■ INSTRUCTIONS TO FOLLOW:
For the listing that follows, give again exactly the lines from the one with "(\<forall>i. X i" to the one with "x0 x \<omega>", including both.

■ SOURCE MATERIAL:

== Segment start ==

(* Fix $\hat\alpha\in(0,(b-a)^{-1/2})$, $\hat\beta=\hat\alpha(1-(b-a)\hat\alpha^2)$. For small $\varepsilon>0$ let $c=1+\frac12\varepsilon^2$, $\alpha=\varepsilon\hat\alpha$, and $\lambda=\frac12\varepsilon^3\Lambda$. Then for $j,k\in\{0,1\}$, $\big\|I_\varepsilon^{-1}\big(\varepsilon^{3-j}\partial^jS^{-k}B^{-1}(\lambda-Q_-)^{-1}\big)I_\varepsilon-2\partial^j(\Lambda-\partial+(b-a)\partial^3)^{-1}\big\|_{L^2_{\hat\alpha}\to L^2_{\hat\alpha}}\to0$ as $\varepsilon\to0$, uniformly for $\Lambda\in\mathbb C$ with $\operatorname{Re}\Lambda\ge-\hat\beta/2$.
   Context: Fix $0<a<b$, $B=I-b\partial^2$ ($\partial=\partial_x$). $L^2_\alpha=\{g:e^{\alpha x}g\in L^2(\mathbb R)\}$. Fourier multipliers act on $L^2_\alpha$ via symbols evaluated at $k+i\alpha$ (with $\hat g(k)=\int ge^{-ikx}dx$, $\partial$ has symbol $i\xi$). $S$ has symbol $\hat S(\xi)=\sqrt{(1+a\xi^2)/(1+b\xi^2)}$ (principal branch), $Q_-=c\partial-S\partial$ (symbol $i\xi c-i\xi\hat S(\xi)$). $(I_\varepsilon g)(x)=\sqrt\varepsilon\,g(\varepsilon x)$ is an isometry $L^2_{\hat\alpha}\to L^2_{\varepsilon\hat\alpha}$. *)

theory Defs
  imports "HOL-Analysis.Analysis"
begin

text \<open>A function g in L2_alpha is represented by
  h(k) = ghat(k + i alpha) (k real), which by Plancherel is (up to the factor sqrt(2 pi),
  irrelevant for operator norms) an isometry of L2_alpha onto L2(R).
  A Fourier multiplier with symbol m then acts as multiplication by m(k + i alpha).\<close>

definition l2norm :: "(real \<Rightarrow> complex) \<Rightarrow> ennreal" where
  "l2norm h = (let I = (\<integral>\<^sup>+ x. ennreal ((cmod (h x))\<^sup>2) \<partial>lborel) in
      if I = \<infinity> then \<infinity> else ennreal (sqrt (enn2real I)))"

definition L2space :: "(real \<Rightarrow> complex) set" where
  "L2space = {h. h \<in> borel_measurable lborel \<and> l2norm h < \<infinity>}"

definition op_norm :: "((real \<Rightarrow> complex) \<Rightarrow> (real \<Rightarrow> complex)) \<Rightarrow> ennreal" where
  "op_norm T = (SUP h \<in> {h \<in> L2space. l2norm h \<noteq> 0}. l2norm (T h) / l2norm h)"

definition mult_op :: "real \<Rightarrow> (complex \<Rightarrow> complex) \<Rightarrow> (real \<Rightarrow> complex) \<Rightarrow> (real \<Rightarrow> complex)" where
  "mult_op \<alpha> m h = (\<lambda>k. m (complex_of_real k + \<i> * complex_of_real \<alpha>) * h k)"
(* Let $X$ be a Banach space and let $\alpha$ be a left tensorial norm on $\ell_\infty\otimes X$. Then there exist a Banach lattice $L$ and a linear isometry $J\colon X\to L$ such that for all $k\in\mathbb{N}$ and all $y_1,\dots,y_k\in X$, $$\Big\|\bigvee_{j=1}^k |Jy_j|\Big\|_L=\alpha\Big(\sum_{j=1}^k e_j\otimes y_j\Big).$$
   Context: All spaces are real. $(e_j)$ denotes the unit vector basis of $c_0\subseteq\ell_\infty$. A norm $\alpha$ on $Y\otimes X$ ($Y,X$ Banach spaces) is a crossnorm if $\alpha(y\otimes x)=\|y\|\|x\|$; it is called left tensorial if it is a crossnorm and for every bounded operator $T\colon Y\to Y$ the operator $T\otimes I_X$ is bounded on $(Y\otimes X,\alpha)$ with $\|T\otimes I_X\|\le\|T\|$, where $I_X$ is the identity of $X$. $\bigvee$ denotes the lattice supremum and $|\cdot|$ the lattice modulus. *)

theory Defs
  imports "HOL-Analysis.Analysis"
begin

text \<open>l_infinity is modelled by the library type of bounded (continuous) functions
  on the discrete space nat, with the sup norm.\<close>

type_synonym linf = "nat \<Rightarrow>\<^sub>C real"

definition unit_vec :: "nat \<Rightarrow> linf"
  where "unit_vec j = Bcontfun (\<lambda>n. if n = j then 1 else 0)"
(* (i) For every $s\in\mathbb{R}$ there exists $L_0\ge1$ such that for every $L\ge L_0$ and $z\in\mathbb{Z}^d$, $$\Big\{\max_{x\in Q_{R_L,z}}\Xi_L(x)\ge a^\Xi_L-\frac{s}{a_L}\Big\}\cap\Big\{\max_{x\in Q_{R_L+r_L,z}}\xi_L(x)\le a_L-\theta\Big\}=\emptyset.$$ (ii) For every $z\in\mathbb{Z}^d$, $s\in\mathbb{R}$ and $\chi\in\{\xi,\Xi\}$, $\lim_{L\to\infty}(L/R_L)^d\,\mathbb{P}(\mathcal{A}^\chi_{L,z}(s))=0$. (iii) For every $z\in\mathbb{Z}^d$ and $s\in\mathbb{R}$, $$\lim_{L\to\infty}\Big(\frac{L}{R_L}\Big)^d\mathbb{P}\Big(\max_{x\in Q_{R_L,z}}\Xi_L(x)\ge a^\Xi_L-\frac{s}{a_L};\ w_{L,z}\neq w^\Xi_{L,z}\Big)=0.$$
   Context: Fix $d\ge1$; $|x|$ Euclidean norm; $Q_a=[-a/2,a/2]^d\cap\mathbb{Z}^d$, $Q_{a,x}=x+Q_a$, $Q_a^{\neq0}=Q_a\setminus\{0\}$; $u_L\ll v_L$ means $u_L/v_L\to0$. For each $L\ge1$, $(\xi_L(x))_{x\in\mathbb{Z}^d}$ is a centred shift-stationary Gaussian field with unit variance and non-negative covariance $v_L$ with (I) $\sup_{|x|\ge\exp(\sqrt{\ln L})}v_L(x)\ln|x|\to0$; (II) there are $\mathfrak c,\mathfrak c'>0$ with $1-e^{\mathfrak c'|x|}/d_L\le v_L(x)\le1-\mathfrak c/d_L$ for all $L,x\ne0$, where $\sup_{|x|=1}v_L(x)=1-1/d_L$. $a_L$: $\mathbb{P}(\xi_L(0)>a_L)=L^{-d}$. Fix $R_L,r_L$ with $a_L\ll\ln R_L\ll a_L^2/d_L$, $\ln a_L\le\ln r_L\ll\sqrt{a_L}$. $\Delta f(x)=\sum_{|y-x|=1}(f(y)-f(x))$. $\mathcal{S}_L(x)=a_L(1-v_L(x))$; $\bar\varphi_L\ge0$ the normalised principal eigenfunction of $\Delta-\mathcal{S}_L$ on $Q_{r_L}$ (Dirichlet). $\zeta_{L,x_0}(x)=\xi_L(x)-\xi_L(x_0)v_L(x-x_0)$; $\Phi_L(y)=\sum_{x\in Q_{r_L}^{\neq0}}\bar\varphi_L(x)^2\zeta_{L,y}(x+y)$; $\tau_L^2=\mathrm{Var}(\Phi_L(y))$; $\Xi_L=\xi_L+\Phi_L$; $a_L^\Xi=a_L\sqrt{1+\tau_L^2}$. Standing assumptions: $d_L\ll a_L$, $\tau_L\ll a_L^{-1}(a_L/d_L)^{1/2}$. $\theta=2d+1$. $\Theta^\xi_L(x)=a_L(\xi_L(x)-a_L)$, $\Theta^\Xi_L(x)=a_L(\Xi_L(x)-a^\Xi_L)$. $\mathcal{A}^\chi_{L,z}(s)=\bigcup_{x\ne y\in Q_{R_L,z}}\{\Theta^\chi_L(x)\ge-s,\ \Theta^\chi_L(y)\ge-s\}$. $w_{L,z}$ and $w^\Xi_{L,z}$ are the points of $Q_{R_L,z}$ where $\xi_L$, resp. $\Xi_L$, attains its maximum over $Q_{R_L,z}$. *)

theory Defs
  imports "HOL-Probability.Probability"
begin

text \<open>Points of the lattice Z^d are represented as int ^ 'd, with d = CARD('d).\<close>

definition znorm :: "int ^ 'd \<Rightarrow> real" where
  "znorm x = sqrt (\<Sum>i\<in>UNIV. (real_of_int (x $ i))^2)"

definition Qbox0 :: "real \<Rightarrow> (int ^ 'd) set" where
  "Qbox0 s = {q. \<forall>i. - s / 2 \<le> real_of_int (q $ i) \<and> real_of_int (q $ i) \<le> s / 2}"

definition Qbox :: "real \<Rightarrow> int ^ 'd \<Rightarrow> (int ^ 'd) set" where
  "Qbox s z = (\<lambda>q. z + q) ` Qbox0 s"

definition lap :: "(int ^ 'd \<Rightarrow> real) \<Rightarrow> int ^ 'd \<Rightarrow> real" where
  "lap f x = (\<Sum>y\<in>{y. znorm (y - x) = 1}. f y - f x)"

text \<open>d_L defined by sup_{|x|=1} v_L(x) = 1 - 1/d_L.\<close>
definition dparam :: "(int ^ 'd \<Rightarrow> real) \<Rightarrow> real" where
  "dparam w = 1 / (1 - Max {w x | x. znorm x = 1})"

text \<open>Centred Gaussian field with covariance function C: every finite linear
  combination is a centred normal variable (possibly degenerate) with the
  variance prescribed by C, expressed through its characteristic function.\<close>
definition gaussian_field :: "'a measure \<Rightarrow> ('i \<Rightarrow> 'a \<Rightarrow> real) \<Rightarrow> ('i \<Rightarrow> 'i \<Rightarrow> real) \<Rightarrow> bool" where
  "gaussian_field M X C \<longleftrightarrow>
     (\<forall>i. X i \<in> borel_measurable M) \<and>
     (\<forall>S c t. finite S \<longrightarrow>
        char (distr M borel (\<lambda>\<omega>. \<Sum>i\<in>S. c i * X i \<omega>)) t
        = complex_of_real (exp (- (t^2 * (\<Sum>i\<in>S. \<Sum>j\<in>S. c i * c j * C i j)) / 2)))"

definition dirichlet_eigenpair :: "(int ^ 'd \<Rightarrow> real) \<Rightarrow> (int ^ 'd) set \<Rightarrow> (int ^ 'd \<Rightarrow> real) \<Rightarrow> real \<Rightarrow> bool" where
  "dirichlet_eigenpair V Q \<psi> \<mu> \<longleftrightarrow>
     (\<forall>x. x \<notin> Q \<longrightarrow> \<psi> x = 0) \<and> (\<exists>x. \<psi> x \<noteq> 0) \<and>
     (\<forall>x\<in>Q. lap \<psi> x - V x * \<psi> x = \<mu> * \<psi> x)"

definition principal_eigenfunction :: "(int ^ 'd \<Rightarrow> real) \<Rightarrow> (int ^ 'd) set \<Rightarrow> (int ^ 'd \<Rightarrow> real) \<Rightarrow> bool" where
  "principal_eigenfunction V Q \<phi> \<longleftrightarrow>
     (\<forall>x. 0 \<le> \<phi> x) \<and> (\<Sum>x\<in>Q. (\<phi> x)^2) = 1 \<and>
     (\<exists>lam. dirichlet_eigenpair V Q \<phi> lam \<and> (\<forall>\<psi> \<mu>. dirichlet_eigenpair V Q \<psi> \<mu> \<longrightarrow> \<mu> \<le> lam))"

definition zeta :: "(int ^ 'd \<Rightarrow> 'a \<Rightarrow> real) \<Rightarrow> (int ^ 'd \<Rightarrow> real) \<Rightarrow> int ^ 'd \<Rightarrow> int ^ 'd \<Rightarrow> 'a \<Rightarrow> real" where
  "zeta \<xi> w x0 x \<omega> = \<xi> x \<omega> - \<xi> x0 \<omega> * w (x - x0)"

definition PhiF :: "(int ^ 'd \<Rightarrow> 'a \<Rightarrow> real) \<Rightarrow> (int ^ 'd \<Rightarrow> real) \<Rightarrow> (int ^ 'd \<Rightarrow> real) \<Rightarrow> real \<Rightarrow> int ^ 'd \<Rightarrow> 'a \<Rightarrow> real" where
  "PhiF \<xi> w \<phi> s y \<omega> = (\<Sum>x\<in>Qbox0 s - {0}. (\<phi> x)^2 * zeta \<xi> w y (x + y) \<omega>)"

definition XiF :: "(int ^ 'd \<Rightarrow> 'a \<Rightarrow> real) \<Rightarrow> (int ^ 'd \<Rightarrow> real) \<Rightarrow> (int ^ 'd \<Rightarrow> real) \<Rightarrow> real \<Rightarrow> int ^ 'd \<Rightarrow> 'a \<Rightarrow> real" where
  "XiF \<xi> w \<phi> s x \<omega> = \<xi> x \<omega> + PhiF \<xi> w \<phi> s x \<omega>"

definition var :: "'a measure \<Rightarrow> ('a \<Rightarrow> real) \<Rightarrow> real" where
  "var M X = integral\<^sup>L M (\<lambda>\<omega>. (X \<omega> - integral\<^sup>L M X)^2)"
definition char_wrt ::
  "('i \<Rightarrow> 'k::field) set \<Rightarrow> ('c \<Rightarrow> ('i \<Rightarrow> 'k) \<Rightarrow> ('i \<Rightarrow> 'k)) \<Rightarrow> ('c \<Rightarrow> 'k)" where
  "char_wrt B \<phi> = (\<lambda>c. \<Sum>b\<in>B. module.representation fscale B (\<phi> c b) b)"

definition matched_pair ::
  "('f, 'a) monoid_scheme \<Rightarrow> ('g, 'b) monoid_scheme \<Rightarrow> ('g \<Rightarrow> 'f \<Rightarrow> 'f) \<Rightarrow> ('g \<Rightarrow> 'f \<Rightarrow> 'g) \<Rightarrow> bool"
  where
  "matched_pair F G lact ract \<longleftrightarrow>
     group F \<and> group G \<and>
     (\<forall>g\<in>carrier G. \<forall>x\<in>carrier F. lact g x \<in> carrier F \<and> ract g x \<in> carrier G) \<and>
     (\<forall>x\<in>carrier F. lact \<one>\<^bsub>G\<^esub> x = x) \<and>
     (\<forall>g\<in>carrier G. \<forall>g'\<in>carrier G. \<forall>x\<in>carrier F.
        lact (g \<otimes>\<^bsub>G\<^esub> g') x = lact g (lact g' x)) \<and>
     (\<forall>g\<in>carrier G. ract g \<one>\<^bsub>F\<^esub> = g) \<and>
     (\<forall>g\<in>carrier G. \<forall>x\<in>carrier F. \<forall>x'\<in>carrier F.
        ract g (x \<otimes>\<^bsub>F\<^esub> x') = ract (ract g x) x') \<and>
     (\<forall>g\<in>carrier G. \<forall>x\<in>carrier F. \<forall>x'\<in>carrier F.
        lact g (x \<otimes>\<^bsub>F\<^esub> x') = lact g x \<otimes>\<^bsub>F\<^esub> lact (ract g x) x') \<and>
     (\<forall>g\<in>carrier G. \<forall>g'\<in>carrier G. \<forall>x\<in>carrier F.
        ract (g \<otimes>\<^bsub>G\<^esub> g') x = ract g (lact g' x) \<otimes>\<^bsub>G\<^esub> ract g' x)"
lemma mag_mult_cancel:
  assumes "E A = A" and "E B = B" and "P \<noteq> E P" and "le (E P) P"
    and "le (mu A P) (mu B P)"
  shows "le A B"
proof -
  obtain p where P_eq: "P = ad p (E P)" and p_precise: "E p = Z" and "p \<noteq> Z"
    and mag_le_p: "le (E P) p" and p_le: "le p P"
    using positive_precise_part assms(3,4) by blast
  have "le Z p"
    using zero_le_mag[OF mag_mag] mag_le_p order_trans by blast
  moreover have "mu A P = mu A p" and "mu B P = mu B p"
    using mag_mult_eq_mult_precise_part[OF _ P_eq p_precise mag_le_p p_le] assms(1,2) by blast+
  ultimately show ?thesis
    using mag_mult_cancel_precise[OF assms(1,2) p_precise \<open>p \<noteq> Z\<close>] assms(5) by simp
qed

definition abs_s :: "'a \<Rightarrow> 'a" where
  "abs_s x = (if le (E x) x then x else N x)"

lemma abs_s_positive: "le (E (abs_s x)) (abs_s x)"
  unfolding abs_s_def using order_total neg_nonneg_if_nonpos by auto

lemma abs_s_zeroless: "x \<noteq> E x \<Longrightarrow> abs_s x \<noteq> E (abs_s x)"
  unfolding abs_s_def using neg_zeroless by simp

lemma mag_mult_abs_s: "E m = m \<Longrightarrow> mu m (abs_s x) = mu m x"
  unfolding abs_s_def by (simp add: mult_neg neg_mag_eq mag_mult_mag)

lemma relunc_mult_self: "x \<noteq> E x \<Longrightarrow> mu (E (U x)) x = E x"
proof -
  assume zeroless: "x \<noteq> E x"
  have "mu (E (U x)) x = mu (E x) (U x)"
    using mag_unit[OF zeroless] mult_inverse[OF zeroless] by (simp add: mult_assoc mult_commute[of "I x" x])
  moreover have "E x = ad (mu (E x) (U x)) (mu (E (U x)) x)"
    using mag_mult[of x "U x"] mult_unit[OF zeroless] by simp
  ultimately show ?thesis
    using add_mag_self mag_mult_mag[OF mag_mag] by simp
qed

lemma relunc_le_if_mag_mult_le:
  assumes x_zeroless: "x \<noteq> E x" and y_zeroless: "y \<noteq> E y"
    and le_mult: "le (mu (E x) y) (mu (E y) x)"
  shows "le (relunc ad mu x) (relunc ad mu y)"
proof -
  let ?X = "abs_s x" and ?Y = "abs_s y"
  have "E x = mu (E (U x)) ?X"
    using relunc_mult_self[OF x_zeroless] mag_mult_abs_s[OF mag_mag] by simp
  then have "mu (E x) ?Y = mu (mu (E (U x)) ?Y) ?X"
    by (simp add: mult_assoc mult_commute[of ?X ?Y])
  moreover have "mu (E y) ?X = mu (E y) x" and "mu (E x) ?Y = mu (E x) y"
    using mag_mult_abs_s[OF mag_mag] by simp_all
  ultimately have "le (mu (mu (E (U x)) ?Y) ?X) (mu (E y) ?X)"
    using le_mult by simp
  then have "le (mu (E (U x)) ?Y) (E y)"
    using mag_mult_cancel[OF mag_mult_mag[OF mag_mag] mag_mag abs_s_zeroless[OF x_zeroless] abs_s_positive]
    by blast
  also have "E y = mu (E (U y)) ?Y"
    using relunc_mult_self[OF y_zeroless] mag_mult_abs_s[OF mag_mag] by simp
  finally have "le (E (U x)) (E (U y))"
    using mag_mult_cancel[OF mag_mag mag_mag abs_s_zeroless[OF y_zeroless] abs_s_positive] by blast
  then show ?thesis
    unfolding relunc_def using x_zeroless y_zeroless by simp
qed

end

theorem mainTheorem8:
  fixes ad mu :: "'a \<Rightarrow> 'a \<Rightarrow> 'a" and le :: "'a \<Rightarrow> 'a \<Rightarrow> bool" and x y :: 'a
  assumes "solid ad mu le"
    and "x \<noteq> mag ad x" and "y \<noteq> mag ad y"
    and "le (mu (mag ad x) y) (mu (mag ad y) x)"
  shows "le (relunc ad mu x) (relunc ad mu y)"
proof -
  interpret solid_struct ad mu le
    using assms(1) by (rule solid_struct_if_solid)
  show ?thesis
    using relunc_le_if_mag_mult_le assms(2-4) .
qed

end
(* Every graph $G$ satisfies $\mathrm{cop}(G)\le \mathrm{circ}(G)/2$, where $\mathrm{circ}(G)$ is the circumference of $G$.
   Context: All graphs are finite, undirected, without loops or multiple edges. The circumference $\mathrm{circ}(G)$ of a graph is the length of its longest cycle, or $+\infty$ if it has no cycle. Cops and Robber game on a connected graph: for an integer $k\ge 1$, the cop player places $k$ cops on (not necessarily distinct) vertices, then the robber is placed on a vertex; then, starting with the cops, the players alternate moves. In a cop move, each cop either stays or moves to an adjacent vertex; in a robber move, the robber stays or moves to an adjacent vertex. The cops win if at some point a cop and the robber occupy the same vertex. Both players have complete information. The cop number $\mathrm{cop}(G)$ of a connected graph $G$ is the smallest $k$ such that the cops have a winning strategy with $k$ cops; for a non-connected graph it is the maximum cop number of its connected components. *)

theory Defs
  imports Main "HOL-Library.Extended_Nat"
begin

definition simple_graph :: "'a set \<Rightarrow> ('a \<Rightarrow> 'a \<Rightarrow> bool) \<Rightarrow> bool" where
  "simple_graph V E \<longleftrightarrow> finite V \<and> (\<forall>u v. E u v \<longrightarrow> E v u)
     \<and> (\<forall>v. \<not> E v v) \<and> (\<forall>u v. E u v \<longrightarrow> u \<in> V \<and> v \<in> V)"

== Segment end ==

■ SOLUTION FOR THIS PROBLEM:
     (\<forall>i. X i \<in> borel_measurable M) \<and>
     (\<forall>S c t. finite S \<longrightarrow>
        char (distr M borel (\<lambda>\<omega>. \<Sum>i\<in>S. c i * X i \<omega>)) t
        = complex_of_real (exp (- (t^2 * (\<Sum>i\<in>S. \<Sum>j\<in>S. c i * c j * C i j)) / 2)))"

definition dirichlet_eigenpair :: "(int ^ 'd \<Rightarrow> real) \<Rightarrow> (int ^ 'd) set \<Rightarrow> (int ^ 'd \<Rightarrow> real) \<Rightarrow> real \<Rightarrow> bool" where
  "dirichlet_eigenpair V Q \<psi> \<mu> \<longleftrightarrow>
     (\<forall>x. x \<notin> Q \<longrightarrow> \<psi> x = 0) \<and> (\<exists>x. \<psi> x \<noteq> 0) \<and>
     (\<forall>x\<in>Q. lap \<psi> x - V x * \<psi> x = \<mu> * \<psi> x)"

definition principal_eigenfunction :: "(int ^ 'd \<Rightarrow> real) \<Rightarrow> (int ^ 'd) set \<Rightarrow> (int ^ 'd \<Rightarrow> real) \<Rightarrow> bool" where
  "principal_eigenfunction V Q \<phi> \<longleftrightarrow>
     (\<forall>x. 0 \<le> \<phi> x) \<and> (\<Sum>x\<in>Q. (\<phi> x)^2) = 1 \<and>
     (\<exists>lam. dirichlet_eigenpair V Q \<phi> lam \<and> (\<forall>\<psi> \<mu>. dirichlet_eigenpair V Q \<psi> \<mu> \<longrightarrow> \<mu> \<le> lam))"

definition zeta :: "(int ^ 'd \<Rightarrow> 'a \<Rightarrow> real) \<Rightarrow> (int ^ 'd \<Rightarrow> real) \<Rightarrow> int ^ 'd \<Rightarrow> int ^ 'd \<Rightarrow> 'a \<Rightarrow> real" where
  "zeta \<xi> w x0 x \<omega> = \<xi> x \<omega> - \<xi> x0 \<omega> * w (x - x0)"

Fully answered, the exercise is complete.